At our conference, Streaming, a few weeks ago we focused on issues related to discernment. And some of our speakers focused on the large discernment narratives in Scripture, other on key theological notions. For instance, Luke Johnson dealt with the discernment narrative in Acts 10-15 that culminated with the Jerusalem conference. Pat Keifert spent some time talking about Luther’s notions of the hiddenness of God and how that has to be factored into our conversations about what it means to discern God’s activity in the world.
But for most of us, discernment takes place within our own personal stories. We make judgements almost daily concerning how God is involved in our lives or how we are to interpret certain passages and apply them to our lives. So, we needed a piece at the conference that made the business of discernment personal, embodied and tangible in a life. And particularly in a life in which changes could be marked.
So, I asked Rubel Shelly to do some autobiographical reflections on the theme of Scripture and discernment. Rubel only reluctantly agreed. It’s tough for good people to talk about themselves, to put the focus on their own life. But Rubel’s life, which he insists is not a model, is certainly remarkable for the issues of discernment that have confronted him. Rubel grew up in a very legalistic wing of the Church of Christ and was a thought of a as a young lion for the conservative wing of our movement. But he became the person from whom many in our congregations learned about grace.
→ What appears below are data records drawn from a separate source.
(* Fix $\mathcal F\in\{\mathcal P,\mathcal A,\mathcal P\cap\mathcal A'\}$. The output differential entropy $$h(Y)=-\int\!\!\int p(r,\phi;F_0)\ln p(r,\phi;F_0)\,dr\,d\phi,\qquad p(r,\phi;F_0)=\int p(r,\phi\mid r_0,\phi_0)\,dF_0(r_0,\phi_0),$$ is a continuous function of the joint input cdf $F_0$ of $(R_0,\Phi_0)$ with respect to weak convergence, on the set of $F_0$ whose amplitude marginal lies in $\mathcal F$.
   Context: Fix constants $\gamma>0$, $\sigma>0$, $\mathcal L>0$, and let $j=\sqrt{-1}$. For $m\in\mathbb N$ let $$a_m=\frac{\sqrt{jm\gamma}}{\sigma}\coth\!\big(\sqrt{jm\gamma\sigma^2}\,\mathcal L\big),\qquad b_m=\frac{\sqrt{jm\gamma}}{\sigma}\,\frac{1}{\sinh\!\big(\sqrt{jm\gamma\sigma^2}\,\mathcal L\big)},$$ with principal square roots. $I_m$ denotes the modified Bessel function of the first kind of order $m$. The PZD channel conditional density (input polar coordinates $(r_0,\phi_0)$, output polar coordinates $(r,\phi)$) is $$p(r,\phi\mid r_0,\phi_0)=\frac{1}{2\pi}p_{R|R_0}(r\mid r_0)+\frac1\pi\sum_{m\ge1}\Re\!\Big(C_m(r,r_0)\,e^{jm(\phi-\phi_0-\gamma r_0^2\mathcal L)}\Big),$$ where $$p_{R|R_0}(r\mid r_0)=\frac{2r}{\sigma^2\mathcal L}e^{-\frac{r^2+r_0^2}{\sigma^2\mathcal L}}I_0\!\Big(\frac{2rr_0}{\sigma^2\mathcal L}\Big),\qquad C_m(r,r_0)=r\,b_m\,e^{-a_m(r^2+r_0^2)}I_m(2b_m r_0 r).$$ Constraints. Fix $0<\rho<\infty$ and $0<A<\infty$. A function $\mathcal C:[0,\infty)\to[0,\infty)$ is an admissible cost if it satisfies two conditions: - (C1) it is lower semicontinuous and non-decreasing, with $\mathcal C(0)=0$ and $\lim_{r_0\to\infty}\mathcal C(r_0)=\infty$; - (C2) it extends analytically to a strip $\{z\in\mathbb C:|\Im z|<\delta\}$ for some $\delta>0$. The three sets of cdfs $F_{R_0}$ of $R_0$ are: - $\mathcal P=\{F_{R_0}:\int_0^\rho dF_{R_0}=1\}$; - $\mathcal A=\{F_{R_0}:\int_0^\infty\mathcal C\,dF_{R_0}\le A\}$ for an admissible cost with $\mathcal C(r_0)/r_0^2\to\infty$; - $\mathcal A'$, defined like $\mathcal A$ but with admissible $\mathcal C$ satisfying $\mathcal C(r_0)/\ln r_0\to\infty$. *)

theory Defs
  imports "HOL-Analysis.Analysis" "HOL-Probability.Probability"
begin

definition besselI :: "nat \<Rightarrow> complex \<Rightarrow> complex" where
  "besselI m z = (\<Sum>k. (z / 2) ^ (2 * k + m) / (of_nat (fact k) * of_nat (fact (k + m))))"

definition coth_c :: "complex \<Rightarrow> complex" where
  "coth_c z = cosh z / sinh z"

definition a_coef :: "real \<Rightarrow> real \<Rightarrow> real \<Rightarrow> nat \<Rightarrow> complex" where
  "a_coef \<gamma> \<sigma> L m =
     csqrt (\<i> * of_nat m * of_real \<gamma>) / of_real \<sigma>
       * coth_c (csqrt (\<i> * of_nat m * of_real \<gamma> * of_real (\<sigma>\<^sup>2)) * of_real L)"

definition b_coef :: "real \<Rightarrow> real \<Rightarrow> real \<Rightarrow> nat \<Rightarrow> complex" where
  "b_coef \<gamma> \<sigma> L m =
     csqrt (\<i> * of_nat m * of_real \<gamma>) / of_real \<sigma>
       / sinh (csqrt (\<i> * of_nat m * of_real \<gamma> * of_real (\<sigma>\<^sup>2)) * of_real L)"

definition C_coef :: "real \<Rightarrow> real \<Rightarrow> real \<Rightarrow> nat \<Rightarrow> real \<Rightarrow> real \<Rightarrow> complex" where
  "C_coef \<gamma> \<sigma> L m r r0 =
     of_real r * b_coef \<gamma> \<sigma> L m * exp (- a_coef \<gamma> \<sigma> L m * of_real (r\<^sup>2 + r0\<^sup>2))
       * besselI m (2 * b_coef \<gamma> \<sigma> L m * of_real r0 * of_real r)"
Rubel looks back on his watershed book, I Just Want to be a Christian, and winces a bit, even though he knows that it had a positive impact. He winces because he sees a legalist doing the best he can to think himself out of legalism. He’d write a different book now, perhaps, but given the circumstances of his life it was the only book he could’ve written at the time.
He also grew up in the segregated South. But he was nursed as a young, sickly boy by a large black woman named Dessie. Dessie and Rubel remained in touch until she died at the age of 105. He preached her funeral. And her positive influence on his life impacted the way he viewed racism over against the segregationist values of the society in which he was raised.
He told this story about Dessie at our conference alongside the story of being fired from his first church in New Albany, Mississippi. I am sharing a clip from that story below.
It has been my privilege to serve under Rubel these past four years as he has guided Rochester College through perilous waters. And I am thankful for his life.